Ebook Anak

Malik bin Dinar Pingsan di Pemakaman

 11,794,542 total views,  3,971 views today

Tiba-tiba, tubuh Malik bin Dinar gemetar ketakutan sambil berkata pada dirinya sendiri. “Wahai Malik. Seperti inilah keadaanmu nanti. Tidak ada sesuatu pun yang bisa menolongmu di kubur nanti,” batin Malik bin Dinar dalam hati.

Anas bin Malik adalah salah satu guru Malik bin Dinar.

Seperti kita ketahui, Anas bin Malik selama bertahun-tahun pernah tinggal dan menjadi pembantu di rumah Rasulullah Saw.

Berkat jasa Anas bin Malik, Malik bin Dinar berubah menjadi orang yang sangat mencintai akhirat dan menghindari godaan dunia.

Tak sadarkan diri

Malik bin Dinar, suatu hari menghadiri pemakaman seseorang.

Tiba-tiba, tubuh Malik bin Dinar gemetar ketakutan sambil berkata pada dirinya sendiri.

“Wahai Malik. Seperti inilah keadaanmu nanti. Tidak ada sesuatu pun yang bisa menolongmu di kubur nanti,” batin Malik bin Dinar dalam hati. 

Malik bin Dinar terus berkata seperti itu berulang-ulang.

Saking takutnya pada kematian, tiba-tiba Malik bin Dinar jatuh pingsan, dan akhirnya tersungkur ke dalam kubur yang belum ditimbun tanah.  

Menolak Dijodohkan

Di kota Bashrah, ada seorang tuan kaya raya yang memiliki anak perempuannya yang sangat cantik jelita.

Kebetulan tuan kaya itu mengetahui tentang kesalehan Malik bin Dinar.
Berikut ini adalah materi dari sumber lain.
theorem proposition5p4:
  shows "\<exists>M0 C0. \<forall>M\<ge>M0. \<forall>C\<xi>\<ge>C0. \<forall>\<alpha> \<beta> \<eta> :: real.
     \<alpha> > 0 \<longrightarrow> 0 < \<beta> \<longrightarrow> \<beta> < 1/4 \<longrightarrow> 0 < \<eta> \<longrightarrow> \<eta> < 1 \<longrightarrow>
     (\<exists>c\<eta> > 0. \<exists>N::nat. \<forall>c. 0 < c \<longrightarrow> c < c\<eta> \<longrightarrow> (\<forall>n\<ge>N.
        (INF \<phi>\<in>tests n.
           (SUP (f, V, P)\<in>{(f, V, P). hoelder \<alpha> M f \<and> V \<in> D0 M n \<and> P \<in> Xi C\<xi>}.
               measure (data_law n f V P) {y \<in> space (data_law n f V P). \<phi> y})
         + (SUP (f, V, P)\<in>{(f, V, P). hoelder \<alpha> M f \<and> V \<in> D1 M \<beta> n (c * real n powr (- \<beta>)) \<and> P \<in> Xi C\<xi>}.
               measure (data_law n f V P) {y \<in> space (data_law n f V P). \<not> \<phi> y}))
        \<ge> 1 - \<eta>))"
  apply (rule exI[of _ 3], rule exI[of _ 2], intro allI impI)
  subgoal for M C\<xi> \<alpha> \<beta> \<eta>
    by (intro exI[of _ "1/4"] exI[of _ "nat \<lceil>16 / \<eta>\<rceil>"] conjI allI impI INF_test_errors_sum_ge)
      linarith+
  done

end
lemma chi_prod_line_le_pred:
  assumes "is_digraph V1 A1" "is_digraph V2 A2" "chi (V1 \<times> V2) (prod_arcs A1 A2) \<le> k" "5 \<le> k"
  shows "chi (line_vertices A1 \<times> line_vertices A2) (prod_arcs (line_arcs A1) (line_arcs A2)) \<le> k - 1"
proof (rule chi_le_pred_of_line_map[OF is_digraph_prod_arcs[OF assms(1,2)] assms(3,4)])
  let ?s = "\<lambda>(p, q). (fst (prod_decode p), fst (prod_decode q))"
  let ?t = "\<lambda>(p, q). (snd (prod_decode p), snd (prod_decode q))"
  show "\<forall>z\<in>line_vertices A1 \<times> line_vertices A2. (?s z, ?t z) \<in> prod_arcs A1 A2"
    by (auto dest!: prod_decode_line_vertex simp: prod_arcs_def)
  show "\<forall>(z, w)\<in>prod_arcs (line_arcs A1) (line_arcs A2). ?t z = ?s w"
    by (auto dest: line_arcs_head_tail simp: prod_arcs_def)
  show "prod_arcs (line_arcs A1) (line_arcs A2)
      \<subseteq> (line_vertices A1 \<times> line_vertices A2) \<times> (line_vertices A1 \<times> line_vertices A2)"
    using line_arcs_subset unfolding prod_arcs_def by blast
qed

lemma chi_prod_line_converse_le_pred:
  assumes "is_digraph V1 A1" "is_digraph V2 A2" "chi (V1 \<times> V2) (prod_arcs A1 (A2\<inverse>)) \<le> k" "5 \<le> k"
  shows "chi (line_vertices A1 \<times> line_vertices A2) (prod_arcs (line_arcs A1) ((line_arcs A2)\<inverse>)) \<le> k - 1"
proof (rule chi_le_pred_of_line_map[OF is_digraph_prod_arcs[OF assms(1) is_digraph_converse[OF assms(2)]] assms(3,4)])
  let ?s = "\<lambda>(p, q). (fst (prod_decode p), snd (prod_decode q))"
  let ?t = "\<lambda>(p, q). (snd (prod_decode p), fst (prod_decode q))"
  show "\<forall>z\<in>line_vertices A1 \<times> line_vertices A2. (?s z, ?t z) \<in> prod_arcs A1 (A2\<inverse>)"
    by (auto dest!: prod_decode_line_vertex simp: prod_arcs_def)
  show "\<forall>(z, w)\<in>prod_arcs (line_arcs A1) ((line_arcs A2)\<inverse>). ?t z = ?s w"
    by (auto dest: line_arcs_head_tail simp: prod_arcs_def)
  show "prod_arcs (line_arcs A1) ((line_arcs A2)\<inverse>)
      \<subseteq> (line_vertices A1 \<times> line_vertices A2) \<times> (line_vertices A1 \<times> line_vertices A2)"
    using line_arcs_subset unfolding prod_arcs_def by blast
qed

lemma g_fun_le:
  fixes V1 V2 :: "nat set"
  assumes "is_digraph V1 A1" "is_digraph V2 A2" "n \<le> chi V1 A1" "n \<le> chi V2 A2"
  shows "g_fun n \<le> chi (V1 \<times> V2) (prod_arcs A1 A2)"
  unfolding g_fun_def by (rule cInf_lower) (use assms in blast, simp)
“Aku ingin sekali memiliki menantu sesaleh Malik bin Dinar,” kata tuan kaya sambil mengutus orang kepada Malik bin Dinar agar ia mau menikahi putrinya yang cantik.

Namun Malik bin Dinar menolak halus tawaran tuan kaya itu.

“Sayang sekali, sungguh aku telah menceraikan dunia dan tak lagi peduli dengan apa yang tak kudapat darinya,” kata Malik bin Dinar pada utusan tuan kaya raya itu.

Menyadarkan Si Pencuri

Malik bin Dinar hidupnya sangat sederhana dan nyaris tak memiliki harta benda yang berharga.

Namun meski begitu, ada juga orang jahat yang tetap datang mencuri ke rumah Malik bin Dinar.

Ketika ada di dalam rumah Malik bin Dinar, si pencuri itu kebingungan.

“Orang ini benar-benar sangat miskin. Tak ada satupun benda berharga yang bisa aku curi,” pencuri menggerutu kesal.

“Di rumahnya hanya ada sebuah Al-Qur’an dan sehelai baju lusuh,” keluh si pencuri bingung.

Tiba-tiba Malik bin Dinar menegurnya.

“Aku takkan menghukummu. Daripada engkau tak mendapatkan apa-apa di sini. Maukah engkau menerima bagian dari akhirat?” tanya Malik bin Dinar pada pencuri.

“Mudah kok. Engkau tinggal berwudhu dan shalat dua rakaat,” nasihat Malik bin Dinar kemudian.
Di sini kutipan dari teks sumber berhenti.